> [What you have to do]
Among the lines below, which ones contain the word "usual"? Copy every such line.

(Records from a data collection)
BEGIN

(* Let $s\ge 1$, $q=4^{2s}$, and let $\theta$ be the automorphism of $F_q$ given by $\theta(a)=a^{4^s}$. Let $n$ be an even positive integer and suppose $x^n-1=h(x)g(x)$ in $F_q[x;\theta]$, where the degree of $g(x)$ is even. If $h(x)$ is a palindromic polynomial, then $g(x)$ is also a palindromic polynomial.
   Context: $F_q[x;\theta]$ is the skew polynomial ring: polynomials $\sum a_ix^i$ with $a_i\in F_q$, usual addition, and multiplication determined by $xa=\theta(a)x$ for $a\in F_q$. A polynomial $f(x)=a_0+a_1x+\dots+a_tx^t$ of degree $t$ is palindromic if $a_i=a_{t-i}$ for all $i\in\{0,\ldots,t\}$. *)

theory Defs
  imports "HOL-Computational_Algebra.Polynomial"
begin

text \<open>Skew polynomial ring F[x;theta]: elements are represented by their coefficient
  sequences (type 'a poly); addition is the usual one, multiplication is determined by
  x a = theta(a) x, i.e. (sum a_i x^i)(sum b_j x^j) = sum a_i theta^i(b_j) x^(i+j).\<close>

definition skew_mult :: "('a::comm_ring_1 \<Rightarrow> 'a) \<Rightarrow> 'a poly \<Rightarrow> 'a poly \<Rightarrow> 'a poly" where
  "skew_mult \<theta> p q = (\<Sum>i\<le>degree p. monom (coeff p i) i * map_poly (\<theta> ^^ i) q)"

definition palindromic :: "'a::zero poly \<Rightarrow> bool" where
  "palindromic f \<longleftrightarrow> (\<forall>i\<le>degree f. coeff f i = coeff f (degree f - i))"

end

theory Submission
  imports Defs
begin

text \<open>
  As q = 4^(2s), the automorphism \<theta> is an involution and F_q has characteristic 2, so
  x^n - 1 is self-reciprocal. Reversing the coefficients of a skew product p g with deg p
  even gives p* g*, because \<theta>^(deg p - i) = \<theta>^i. Here deg h = n - deg g is even, hence
  h g = x^n - 1 = (h g)* = h* g* = h g*, and cancelling h on the left (its constant term is
  its leading coefficient, hence nonzero) gives g* = g.
\<close>

lemma finite_field_power_card_eq_self:
  fixes a :: "'a::{field,finite}"
  shows "a ^ card (UNIV :: 'a set) = a"
proof (cases "a = 0")
  case False
  let ?U = "UNIV - {0::'a}"
  have "\<Prod>?U = (\<Prod>x\<in>?U. a * x)"
    using False by (intro prod.reindex_bij_witness[where i = "(*) a" and j = "\<lambda>x. x / a"]) auto
  also have "\<dots> = a ^ card ?U * \<Prod>?U"
    by (simp add: prod.distrib)
  finally have "a ^ (card (UNIV :: 'a set) - 1) = 1"
    by (simp add: card_Diff_singleton)
  then show ?thesis
    by (metis card_gt_0_iff finite_UNIV UNIV_not_empty mult_1 power_minus_mult)
qed (simp add: card_gt_0_iff)

lemma funpow_involution:
  assumes "\<And>a. T (T a) = a"
  shows "(T ^^ i) x = (if even i then x else T x)"
  by (induction i) (auto simp: assms)

lemma funpow_fixpoint:
  assumes "T z = z"
  shows "(T ^^ i) z = z"
  using assms by (induction i) auto

lemma coeff_skew_mult:
  fixes T :: "'a::comm_ring_1 \<Rightarrow> 'a"
  assumes "T 0 = 0" and "degree p \<le> K"
  shows "coeff (skew_mult T p q) j =
    (\<Sum>i\<le>K. if i \<le> j then coeff p i * (T ^^ i) (coeff q (j - i)) else 0)"
proof -
  have "coeff (skew_mult T p q) j =
      (\<Sum>i\<le>degree p. if i \<le> j then coeff p i * (T ^^ i) (coeff q (j - i)) else 0)"
    unfolding skew_mult_def coeff_sum
    by (intro sum.cong) (auto simp: coeff_monom_mult coeff_map_poly funpow_fixpoint assms(1))
  also have "\<dots> = (\<Sum>i\<le>K. if i \<le> j then coeff p i * (T ^^ i) (coeff q (j - i)) else 0)"
    using assms(2) by (intro sum.mono_neutral_left) (auto simp: coeff_eq_0)
  finally show ?thesis .
qed

lemma coeff_skew_mult_atMost:
  fixes T :: "'a::comm_ring_1 \<Rightarrow> 'a"
  assumes "T 0 = 0"
  shows "coeff (skew_mult T p q) j = (\<Sum>i\<le>j. coeff p i * (T ^^ i) (coeff q (j - i)))"
proof -
  have "coeff (skew_mult T p q) j =
      (\<Sum>i\<le>j + degree p. if i \<le> j then coeff p i * (T ^^ i) (coeff q (j - i)) else 0)"
    using assms by (intro coeff_skew_mult) auto
  also have "\<dots> = (\<Sum>i\<le>j. coeff p i * (T ^^ i) (coeff q (j - i)))"
    by (subst sum.inter_filter[symmetric]) (auto intro: sum.cong)
  finally show ?thesis .
qed

lemma coeff_skew_mult_eq_0:
  fixes T :: "'a::comm_ring_1 \<Rightarrow> 'a"
  assumes "T 0 = 0" and "degree p + degree q < j"
  shows "coeff (skew_mult T p q) j = 0"
  using assms
  by (auto simp: coeff_skew_mult[of T p "degree p"] coeff_eq_0 funpow_fixpoint intro!: sum.neutral)

lemma coeff_skew_mult_degree_add:
  fixes T :: "'a::comm_ring_1 \<Rightarrow> 'a"
  assumes "T 0 = 0"
  shows "coeff (skew_mult T p q) (degree p + degree q) =
    lead_coeff p * (T ^^ degree p) (lead_coeff q)"
proof -
  let ?k = "degree p" and ?m = "degree q"
  have "coeff (skew_mult T p q) (?k + ?m) =
      (\<Sum>i\<le>?k. if i \<le> ?k + ?m then coeff p i * (T ^^ i) (coeff q (?k + ?m - i)) else 0)"
    using assms by (intro coeff_skew_mult) auto
  also have "\<dots> = (\<Sum>i\<le>?k. if i = ?k then lead_coeff p * (T ^^ ?k) (lead_coeff q) else 0)"
    using assms by (intro sum.cong) (auto simp: coeff_eq_0 funpow_fixpoint)
  finally show ?thesis by simp
qed

lemma skew_mult_0_left [simp]: "skew_mult T 0 q = 0"
  by (simp add: skew_mult_def)

lemma skew_mult_0_right [simp]:
  fixes T :: "'a::comm_ring_1 \<Rightarrow> 'a"
  shows "skew_mult T p 0 = 0"
  by (simp add: skew_mult_def)

lemma degree_skew_mult:
  fixes T :: "'a::idom \<Rightarrow> 'a"
  assumes "T 0 = 0" and "inj T" and "p \<noteq> 0" and "q \<noteq> 0"
  shows "degree (skew_mult T p q) = degree p + degree q"
proof (rule order_antisym)
  show "degree (skew_mult T p q) \<le> degree p + degree q"
    using assms(1) by (intro degree_le) (simp add: coeff_skew_mult_eq_0)
  have "(T ^^ degree p) (lead_coeff q) \<noteq> (T ^^ degree p) 0"
    using assms(2,4) inj_fn[OF assms(2)] by (metis injD leading_coeff_0_iff)
  then have "coeff (skew_mult T p q) (degree p + degree q) \<noteq> 0"
    using assms(3) by (simp add: coeff_skew_mult_degree_add assms(1) funpow_fixpoint)
  then show "degree p + degree q \<le> degree (skew_mult T p q)"
    by (rule le_degree)
qed

lemma skew_mult_left_cancel:
  fixes T :: "'a::idom \<Rightarrow> 'a"
  assumes "T 0 = 0" and "inj T" and "coeff h 0 \<noteq> 0"
    and "skew_mult T h a = skew_mult T h b"
  shows "a = b"
proof (rule poly_eqI)
  fix j
  show "coeff a j = coeff b j"
  proof (induction j rule: less_induct)
    case (less j)
    let ?t = "\<lambda>f i. coeff h i * (T ^^ i) (coeff f (j - i))"
    have "(\<Sum>i\<le>j. ?t a i) = (\<Sum>i\<le>j. ?t b i)"
      using assms(4) by (metis coeff_skew_mult_atMost[of T, OF assms(1)])
    moreover have "(\<Sum>i\<in>{..j} - {0}. ?t a i) = (\<Sum>i\<in>{..j} - {0}. ?t b i)"
      by (intro sum.cong) (auto simp: less)
    ultimately have "?t a 0 = ?t b 0"
      by (simp add: sum.remove[of "{..j}" 0])
    then show ?case
      using assms(3) by simp
  qed
qed

lemma reflect_poly_skew_mult:
  fixes T :: "'a::idom \<Rightarrow> 'a"
  assumes T0: "T 0 = 0" and invol: "\<And>a. T (T a) = a"
    and "even (degree p)" and "p \<noteq> 0" and "q \<noteq> 0"
  shows "reflect_poly (skew_mult T p q) = skew_mult T (reflect_poly p) (reflect_poly q)"
proof (rule poly_eqI)
  fix j
  let ?k = "degree p" and ?m = "degree q"
  have "inj T"
    by (metis injI invol)
  then have deg: "degree (skew_mult T p q) = ?k + ?m"
    using assms by (intro degree_skew_mult) auto
  have rhs: "coeff (skew_mult T (reflect_poly p) (reflect_poly q)) j =
      (\<Sum>i\<le>?k. if i \<le> j then coeff p (?k - i) * (T ^^ i) (coeff (reflect_poly q) (j - i)) else 0)"
    unfolding coeff_skew_mult[of T, OF T0 degree_reflect_poly_le]
    by (intro sum.cong) (auto simp: coeff_reflect_poly)
  show "coeff (reflect_poly (skew_mult T p q)) j = coeff (skew_mult T (reflect_poly p) (reflect_poly q)) j"
  proof (cases "j \<le> ?k + ?m")
    case False
    then show ?thesis
      unfolding rhs coeff_reflect_poly deg
      by (auto simp: coeff_reflect_poly funpow_fixpoint T0 intro!: sum.neutral)
  next
    case True
    have "coeff (skew_mult T p q) (?k + ?m - j) =
        (\<Sum>i\<le>?k. if i \<le> ?k + ?m - j then coeff p i * (T ^^ i) (coeff q (?k + ?m - j - i)) else 0)"
      using T0 by (intro coeff_skew_mult) auto
    also have "\<dots> = (\<Sum>i\<le>?k. if ?k - i \<le> ?k + ?m - j
        then coeff p (?k - i) * (T ^^ (?k - i)) (coeff q (?k + ?m - j - (?k - i))) else 0)"
      by (rule sum.reindex_bij_witness[where i = "\<lambda>i. ?k - i" and j = "\<lambda>i. ?k - i"]) auto
    also have "\<dots> = (\<Sum>i\<le>?k. if i \<le> j
        then coeff p (?k - i) * (T ^^ i) (coeff (reflect_poly q) (j - i)) else 0)"
    proof (intro sum.cong refl)
      fix i
      assume "i \<in> {..?k}"
      then have "T ^^ (?k - i) = T ^^ i"
        using assms(3) by (auto simp: funpow_involution[OF invol])
      then show "(if ?k - i \<le> ?k + ?m - j
          then coeff p (?k - i) * (T ^^ (?k - i)) (coeff q (?k + ?m - j - (?k - i))) else 0) =
        (if i \<le> j then coeff p (?k - i) * (T ^^ i) (coeff (reflect_poly q) (j - i)) else 0)"
        using True \<open>i \<in> {..?k}\<close>
        by (auto simp: coeff_reflect_poly coeff_eq_0 funpow_fixpoint T0)
    qed
    finally show ?thesis
      using True by (simp add: rhs coeff_reflect_poly deg)
  qed
qed

lemma palindromic_iff_reflect_poly: "palindromic f \<longleftrightarrow> reflect_poly f = f"
  unfolding palindromic_def poly_eq_iff coeff_reflect_poly
  by (metis coeff_eq_0 diff_diff_cancel diff_le_self linorder_not_le)

lemma degree_monom_one_minus_one:
  assumes "n > 0"
  shows "degree (monom 1 n - 1 :: 'a::comm_ring_1 poly) = n"
  using assms degree_add_eq_left[of "-1" "monom 1 n :: 'a poly"] by (simp add: degree_monom_eq)

lemma reflect_poly_monom_minus_one:
  assumes "(-1 :: 'a::comm_ring_1) = 1" and "n > 0"
  shows "reflect_poly (monom 1 n - 1 :: 'a poly) = monom 1 n - 1"
  using assms degree_monom_one_minus_one[OF assms(2)]
  by (auto simp: poly_eq_iff coeff_reflect_poly)

theorem theorem3:
  fixes s n :: nat and h g :: "'a::{field,finite} poly"
  assumes "s \<ge> 1"
    and "card (UNIV :: 'a set) = 4 ^ (2 * s)"
    and "n > 0" and "even n"
    and "monom 1 n - 1 = skew_mult (\<lambda>a. a ^ (4 ^ s)) h g"
    and "even (degree g)"
    and "palindromic h"
  shows "palindromic g"
proof -
  define T where "T = (\<lambda>a::'a. a ^ (4 ^ s))"
  let ?P = "monom 1 n - 1 :: 'a poly"
  have T0: "T 0 = 0"
    by (simp add: T_def)
  have invol: "T (T a) = a" for a
  proof -
    have "T (T a) = a ^ (4 ^ s * 4 ^ s)"
      by (simp add: T_def power_mult)
    also have "4 ^ s * 4 ^ s = card (UNIV :: 'a set)"
      using assms(2) by (simp add: mult_2 power_add)
    finally show ?thesis
      by (simp add: finite_field_power_card_eq_self)
  qed
  have "inj T"
    by (metis injI invol)
  have "(-1 :: 'a) = 1"
    using finite_field_power_card_eq_self[of "-1 :: 'a"] assms(1,2) by simp
  then have P_reflect: "reflect_poly ?P = ?P"
    using assms(3) by (rule reflect_poly_monom_minus_one)
  have P: "?P = skew_mult T h g"
    using assms(5) by (simp add: T_def)
  have deg_P: "degree ?P = n"
    using assms(3) by (rule degree_monom_one_minus_one)
  then have "?P \<noteq> 0"
    using assms(3) by auto
  then have "h \<noteq> 0" and "g \<noteq> 0"
    by (auto simp: P)
  have "degree h + degree g = n"
    using degree_skew_mult[OF T0 \<open>inj T\<close> \<open>h \<noteq> 0\<close> \<open>g \<noteq> 0\<close>] deg_P by (simp add: P)
  then have "even (degree h)"
    using assms(4,6) by (metis even_add)
  have h_reflect: "reflect_poly h = h"
    using assms(7) by (simp add: palindromic_iff_reflect_poly)
  have "skew_mult T h (reflect_poly g) = skew_mult T h g"
    using reflect_poly_skew_mult[OF T0 invol \<open>even (degree h)\<close> \<open>h \<noteq> 0\<close> \<open>g \<noteq> 0\<close>]
    by (simp add: h_reflect P_reflect flip: P)
  then have "reflect_poly g = g"
    using skew_mult_left_cancel[OF T0 \<open>inj T\<close>] h_reflect \<open>h \<noteq> 0\<close>
    by (metis coeff_0_reflect_poly leading_coeff_0_iff)
  then show ?thesis
    by (simp add: palindromic_iff_reflect_poly)
qed

end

END

> [Solved exercise]
   Context: $F_q[x;\theta]$ is the skew polynomial ring: polynomials $\sum a_ix^i$ with $a_i\in F_q$, usual addition, and multiplication determined by $xa=\theta(a)x$ for $a\in F_q$. A polynomial $f(x)=a_0+a_1x+\dots+a_tx^t$ of degree $t$ is palindromic if $a_i=a_{t-i}$ for all $i\in\{0,\ldots,t\}$. *)
  sequences (type 'a poly); addition is the usual one, multiplication is determined by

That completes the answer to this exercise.